けれど、いつか執筆が現実に追いついてしまう。その時が問題だ。
そして、シンゴは事実をもっと詳細に知りたいと思うようになっていた。アスカはいつからヒサシと関係を持っているのか、何がきっかけでヒサシに惚れたのか、今後、どうするつもりなのか――。
そこまで考えて、シンゴは深い溜め息をつく。空しかった。
原稿を書く度に訪れる悲しみとも切なさともとれる、痛みを伴った感情は、シンゴの心を蝕んでいく。
シンゴは原稿を書く手を止めた。
パソコンの画面の明るさがやけに眩しく感じる。
「……そうだ」
シンゴは画面を見つめながら、ぽつりとつぶやいた。
「……もう一度すればいいんだ……」
シンゴが思いついたのは、至極単純なことだった。
――そうだ、もう一度、尾行をすればいいんだ。
この答えが正しいかどうか、シンゴにはまだわからなかったけれど、シンゴにはそれ以外に方法はないように思えていた。

翌朝、アスカはジムで汗を流すと、レナの働くカフェへと向かっていた。アスカは今日何度目かの欠伸をかみ殺す。

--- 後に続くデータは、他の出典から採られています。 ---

(* Let $S$ be a category, $M=\mathrm{U_{mon}}(S)$, and $a\in S$. Then $\varepsilon_S(a)\leqslant_M 1$ iff $a\leqslant_S \mathrm{s}(a)$, and $\varepsilon_S(a)\mathbin{\widetilde\leqslant}_M 1$ iff $a\mathbin{\widetilde\leqslant}_S\mathrm{t}(a)$. Furthermore, for every $\boldsymbol{b}\in M\setminus\{1\}$: if $a$ is not right invertible in $S$, then $\varepsilon_S(a)\leqslant_M\boldsymbol{b}$ iff $a\leqslant_S\nabla_0(\boldsymbol{b})$; and if $a$ is not left invertible in $S$, then $\varepsilon_S(a)\mathbin{\widetilde\leqslant}_M\boldsymbol{b}$ iff $a\mathbin{\widetilde\leqslant}_S\nabla_1(\boldsymbol{b})$.
   Context: Categories are arrow-only: a set $S$ with partial associative multiplication, identities $\mathrm{Id}\,S$, source/target identities $\mathrm{s}(x),\mathrm{t}(x)$. $\mathrm{U_{mon}}(S)$ is the monoid presented by generators $\varepsilon_S(x)$ ($x\in S$) and relations $\varepsilon_S(e)=1$ ($e\in\mathrm{Id}\,S$), $\varepsilon_S(x)\varepsilon_S(y)=\varepsilon_S(xy)$ whenever $xy$ is defined. Every $\boldsymbol{b}\in\mathrm{U_{mon}}(S)$ can be written uniquely as $\varepsilon_S(b_1)\cdots\varepsilon_S(b_n)$ with each $b_i\notin\mathrm{Id}\,S$ and each product $b_ib_{i+1}$ undefined (the reduced sequence $(b_1,\dots,b_n)$ of $\boldsymbol b$); for $\boldsymbol b\ne1$ (i.e. $n>0$), set $\nabla_0(\boldsymbol{b})=b_1$ and $\nabla_1(\boldsymbol{b})=b_n$. In any category (or monoid) $C$, $a\leqslant_C b$ means $b=ax$ for some $x\in C$, and $a\mathbin{\widetilde\leqslant}_C b$ means $b=xa$ for some $x\in C$. $a$ is right (left) invertible if $ax$ (resp. $xa$) is an identity for some $x$. *)

theory Defs
  imports "HOL-Algebra.Group"
begin

text \<open>Arrow-only categories: a carrier S with a partial multiplication m
  (m x y = None means xy undefined). Composition is written diagrammatically:
  xy is defined iff t(x) = s(y).\<close>

definition Idt :: "'a set \<Rightarrow> ('a \<Rightarrow> 'a \<Rightarrow> 'a option) \<Rightarrow> 'a set" where
  "Idt S m = {e \<in> S. \<forall>x\<in>S. (m e x \<noteq> None \<longrightarrow> m e x = Some x)
                              \<and> (m x e \<noteq> None \<longrightarrow> m x e = Some x)}"

definition category :: "'a set \<Rightarrow> ('a \<Rightarrow> 'a \<Rightarrow> 'a option) \<Rightarrow> bool" where
  "category S m \<longleftrightarrow>
     (\<forall>x\<in>S. \<forall>y\<in>S. \<forall>z. m x y = Some z \<longrightarrow> z \<in> S)
   \<and> (\<forall>x y. m x y \<noteq> None \<longrightarrow> x \<in> S \<and> y \<in> S)
   \<and> (\<forall>x\<in>S. \<forall>y\<in>S. \<forall>z\<in>S.
        Option.bind (m x y) (\<lambda>u. m u z) = Option.bind (m y z) (\<lambda>v. m x v))
   \<and> (\<forall>x\<in>S. \<forall>y\<in>S. \<forall>z\<in>S. m x y \<noteq> None \<longrightarrow> m y z \<noteq> None \<longrightarrow>
        Option.bind (m x y) (\<lambda>u. m u z) \<noteq> None)
   \<and> (\<forall>x\<in>S. (\<exists>e\<in>Idt S m. m e x \<noteq> None) \<and> (\<exists>e\<in>Idt S m. m x e \<noteq> None))"

definition src :: "'a set \<Rightarrow> ('a \<Rightarrow> 'a \<Rightarrow> 'a option) \<Rightarrow> 'a \<Rightarrow> 'a" where
  "src S m x = (THE e. e \<in> Idt S m \<and> m e x \<noteq> None)"

definition tgt :: "'a set \<Rightarrow> ('a \<Rightarrow> 'a \<Rightarrow> 'a option) \<Rightarrow> 'a \<Rightarrow> 'a" where
  "tgt S m x = (THE e. e \<in> Idt S m \<and> m x e \<noteq> None)"

definition cat_le :: "'a set \<Rightarrow> ('a \<Rightarrow> 'a \<Rightarrow> 'a option) \<Rightarrow> 'a \<Rightarrow> 'a \<Rightarrow> bool" where
  "cat_le S m a b \<longleftrightarrow> (\<exists>x\<in>S. m a x = Some b)"

definition cat_rle :: "'a set \<Rightarrow> ('a \<Rightarrow> 'a \<Rightarrow> 'a option) \<Rightarrow> 'a \<Rightarrow> 'a \<Rightarrow> bool" where
  "cat_rle S m a b \<longleftrightarrow> (\<exists>x\<in>S. m x a = Some b)"

definition right_invertible :: "'a set \<Rightarrow> ('a \<Rightarrow> 'a \<Rightarrow> 'a option) \<Rightarrow> 'a \<Rightarrow> bool" where
  "right_invertible S m a \<longleftrightarrow> (\<exists>x\<in>S. \<exists>e\<in>Idt S m. m a x = Some e)"

definition left_invertible :: "'a set \<Rightarrow> ('a \<Rightarrow> 'a \<Rightarrow> 'a option) \<Rightarrow> 'a \<Rightarrow> bool" where
  "left_invertible S m a \<longleftrightarrow> (\<exists>x\<in>S. \<exists>e\<in>Idt S m. m x a = Some e)"

inductive ucong :: "'a set \<Rightarrow> ('a \<Rightarrow> 'a \<Rightarrow> 'a option) \<Rightarrow> 'a list \<Rightarrow> 'a list \<Rightarrow> bool"
  for S m where
  urefl: "w \<in> lists S \<Longrightarrow> ucong S m w w"
| usym: "ucong S m u v \<Longrightarrow> ucong S m v u"
| utrans: "ucong S m u v \<Longrightarrow> ucong S m v w \<Longrightarrow> ucong S m u w"
| uid: "e \<in> Idt S m \<Longrightarrow> ucong S m [e] []"
| umul: "x \<in> S \<Longrightarrow> y \<in> S \<Longrightarrow> m x y = Some z \<Longrightarrow> ucong S m [x, y] [z]"
| ucompat: "ucong S m u v \<Longrightarrow> p \<in> lists S \<Longrightarrow> q \<in> lists S \<Longrightarrow>
             ucong S m (p @ u @ q) (p @ v @ q)"

definition ucls :: "'a set \<Rightarrow> ('a \<Rightarrow> 'a \<Rightarrow> 'a option) \<Rightarrow> 'a list \<Rightarrow> 'a list set" where
  "ucls S m w = {v. ucong S m w v}"

definition Umon :: "'a set \<Rightarrow> ('a \<Rightarrow> 'a \<Rightarrow> 'a option) \<Rightarrow> 'a list set monoid" where
  "Umon S m = \<lparr> carrier = ucls S m ` lists S,
                mult = (\<lambda>A B. ucls S m ((SOME u. u \<in> A) @ (SOME v. v \<in> B))),
                one = ucls S m [] \<rparr>"

definition eps :: "'a set \<Rightarrow> ('a \<Rightarrow> 'a \<Rightarrow> 'a option) \<Rightarrow> 'a \<Rightarrow> 'a list set" where
  "eps S m x = ucls S m [x]"

definition mon_le :: "('b, 'c) monoid_scheme \<Rightarrow> 'b \<Rightarrow> 'b \<Rightarrow> bool" where
  "mon_le M a b \<longleftrightarrow> (\<exists>x\<in>carrier M. b = a \<otimes>\<^bsub>M\<^esub> x)"

definition mon_rle :: "('b, 'c) monoid_scheme \<Rightarrow> 'b \<Rightarrow> 'b \<Rightarrow> bool" where
  "mon_rle M a b \<longleftrightarrow> (\<exists>x\<in>carrier M. b = x \<otimes>\<^bsub>M\<^esub> a)"

definition reduced :: "'a set \<Rightarrow> ('a \<Rightarrow> 'a \<Rightarrow> 'a option) \<Rightarrow> 'a list \<Rightarrow> bool" where
  "reduced S m bs \<longleftrightarrow> bs \<in> lists S \<and> (\<forall>x\<in>set bs. x \<notin> Idt S m)
     \<and> (\<forall>i. Suc i < length bs \<longrightarrow> m (bs ! i) (bs ! Suc i) = None)"

definition redseq :: "'a set \<Rightarrow> ('a \<Rightarrow> 'a \<Rightarrow> 'a option) \<Rightarrow> 'a list set \<Rightarrow> 'a list" where
  "redseq S m b = (THE bs. reduced S m bs \<and> ucls S m bs = b)"

definition nabla0 :: "'a set \<Rightarrow> ('a \<Rightarrow> 'a \<Rightarrow> 'a option) \<Rightarrow> 'a list set \<Rightarrow> 'a" where
  "nabla0 S m b = hd (redseq S m b)"

definition nabla1 :: "'a set \<Rightarrow> ('a \<Rightarrow> 'a \<Rightarrow> 'a option) \<Rightarrow> 'a list set \<Rightarrow> 'a" where
  "nabla1 S m b = last (redseq S m b)"

end

theory Submission
  imports Defs
begin

text \<open>Reading a word from left to right while keeping a reduced stack (multiply each
  incoming letter into the top letter as long as the product is defined, drop identities)
  computes a normal form that is invariant under the defining relations of U_mon(S) and
  fixes reduced words; so every element has a unique reduced representative.
  If a is not right invertible, the bottom letter of the stack built from a word a w is
  always of the form a u: it only ever changes by right multiplication, and it never becomes
  an identity. This gives the characterisation by \<nabla>0, and, since the normal form
  of 1 is empty, it shows that \<epsilon>(a) \<le> 1 forces a to be right invertible, which
  is the same as a \<le> s(a). The statements about right divisibility are these statements
  in the opposite category, which reverses words.\<close>

lemma reduced_iff_successively:
  "reduced S m bs \<longleftrightarrow>
     bs \<in> lists S \<and> (\<forall>x\<in>set bs. x \<notin> Idt S m) \<and> successively (\<lambda>x y. m x y = None) bs"
  by (simp add: reduced_def successively_conv_nth)

lemma reduced_snoc:
  "reduced S m (bs @ [x]) \<longleftrightarrow>
     reduced S m bs \<and> x \<in> S \<and> x \<notin> Idt S m \<and> (bs \<noteq> [] \<longrightarrow> m (last bs) x = None)"
  by (auto simp: reduced_iff_successively successively_append_iff)

lemma reduced_appendD: "reduced S m (bs @ cs) \<Longrightarrow> reduced S m bs"
  by (auto simp: reduced_iff_successively successively_append_iff)

lemma Idt_in_carrier: "e \<in> Idt S m \<Longrightarrow> e \<in> S"
  unfolding Idt_def by blast

text \<open>The following rules must be used instantiated, as in \<open>Idt_opposite[of S m]\<close>:
  up to eta-conversion their left-hand sides match every \<open>m\<close>, so as unrestricted
  rewrite rules they loop.\<close>

lemma Idt_opposite: "Idt S (\<lambda>x y. m y x) = Idt S m"
  unfolding Idt_def by auto

lemma reduced_opposite_iff: "reduced S (\<lambda>x y. m y x) (rev bs) \<longleftrightarrow> reduced S m bs"
  unfolding reduced_iff_successively Idt_opposite[of S m] by (simp add: in_lists_conv_set)

lemma src_opposite: "src S (\<lambda>x y. m y x) = tgt S m"
  unfolding src_def tgt_def Idt_opposite[of S m] ..

lemma cat_le_opposite: "cat_le S (\<lambda>x y. m y x) = cat_rle S m"
  unfolding cat_le_def cat_rle_def by (intro ext) simp

lemma right_invertible_opposite: "right_invertible S (\<lambda>x y. m y x) = left_invertible S m"
  unfolding right_invertible_def left_invertible_def Idt_opposite[of S m] by (intro ext) simp
(* Let $\beta,\kappa\ge0$ and let $\gamma$ be a simple loop in $E_N$ with $\partial\hat\partial\gamma\subseteq E_N$. Then $|\mathbb E_{N,\beta,\kappa}[W_\gamma]|\le e^{-|\gamma\setminus\gamma_c|\,\alpha_5(\beta,\kappa)}$.
   Context: $G=\mathbb Z_n$, $\rho$ faithful unitary one-dimensional. On $\mathbb Z^4$: $E_N,P_N$ oriented edges/plaquettes with vertices in $B_N=[-N,N]^4\cap\mathbb Z^4$; $\partial p$ oriented boundary edges; $\hat\partial e=\{p:e\in\partial p\}$. $\Sigma_{E_N}$: $\sigma:E_N\to G$, $\sigma_{-e}=-\sigma_e$, $(d\sigma)_p=\sum_{e\in\partial p}\sigma_e$; $\mu_{N,\beta,\kappa}(\sigma)\propto\exp(\beta\sum_p\rho((d\sigma)_p)+\kappa\sum_e\rho(\sigma_e))$. Simple loop: set $\gamma$ of oriented edges, $e\in\gamma\Rightarrow-e\notin\gamma$, orderable into an oriented loop; $W_\gamma=\rho(\sum_{e\in\gamma}\sigma_e)$; $\gamma_c$ is the set of $e\in\gamma$ sharing a plaquette with another edge of $\gamma\cup(-\gamma)$. With $\varphi_r(g)=e^{r(\mathrm{Re}\rho(g)-1)}$: $\alpha_5(\beta,\kappa)=\min_{g_1,\dots,g_6\in G}\Bigl(1-\Bigl|\frac{\sum_g\rho(g)(\prod_{k=1}^6\varphi_\beta(g+g_k)^2)\varphi_\kappa(g)^2}{\sum_g(\prod_{k=1}^6\varphi_\beta(g+g_k)^2)\varphi_\kappa(g)^2}\Bigr|\Bigr)$. *)

theory Defs
  imports "HOL-Analysis.Analysis"
begin

text \<open>The group G = Z_n is represented by the integers {0..<n} with addition mod n.
 A faithful unitary one-dimensional representation is a map rho on {0..<n}.\<close>

definition faithful_unitary_char :: "int \<Rightarrow> (int \<Rightarrow> complex) \<Rightarrow> bool" where
  "faithful_unitary_char n \<rho> \<longleftrightarrow>
     (\<forall>a\<in>{0..<n}. \<forall>b\<in>{0..<n}. \<rho> ((a + b) mod n) = \<rho> a * \<rho> b) \<and>
     (\<forall>g\<in>{0..<n}. cmod (\<rho> g) = 1) \<and> inj_on \<rho> {0..<n}"

type_synonym vtx = "int ^ 4"
type_synonym edge = "vtx \<times> vtx"
type_synonym plaq = "vtx \<times> 4 \<times> 4"

definition unitv :: "4 \<Rightarrow> vtx" where
  "unitv i = (\<chi> j. if j = i then 1 else 0)"

definition box :: "nat \<Rightarrow> vtx set" where
  "box N = {x. \<forall>k. \<bar>x $ k\<bar> \<le> int N}"

definition is_edge :: "edge \<Rightarrow> bool" where
  "is_edge e \<longleftrightarrow> (\<exists>i. snd e = fst e + unitv i \<or> fst e = snd e + unitv i)"

definition rev_edge :: "edge \<Rightarrow> edge" where
  "rev_edge e = (snd e, fst e)"

definition edges :: "nat \<Rightarrow> edge set" where
  "edges N = {e. is_edge e \<and> fst e \<in> box N \<and> snd e \<in> box N}"

text \<open>oriented plaquettes of Z^4: (x,i,j), i \<noteq> j, with corners x, x+e_i, x+e_i+e_j, x+e_j;
  (x,j,i) is the same plaquette with the opposite orientation\<close>
definition plaquettes :: "plaq set" where
  "plaquettes = {(x, i, j). i \<noteq> j}"

definition pbd :: "plaq \<Rightarrow> edge set" where
  "pbd p = (case p of (x, i, j) \<Rightarrow>
     {(x, x + unitv i), (x + unitv i, x + unitv i + unitv j),
      (x + unitv i + unitv j, x + unitv j), (x + unitv j, x)})"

さすがに久々の早起きはアラサーの身体には堪えた。しかも、その後、アスカを待っているのは、ジムのトレーニングマシーンだ。元々、文科系で運動とは無縁の学生時代を送って来た。そんなアスカがジムに通って、運動をすることになるとは、誰が予想出来ただろうか。アスカ自身、全く想像のつかない出来事だった。人生は何があるかわからないものたなぁ、としみじみ思う。これから、毎日この生活をしなければならないのかと思うと、アスカは憂鬱だった。
アスカはジムから数分の場所に位置するカフェへとやって来ていた。問題はヒサシと鉢合わせないかということだった。少しだけ緊張しながら、カフェの自動ドアの前に立つ。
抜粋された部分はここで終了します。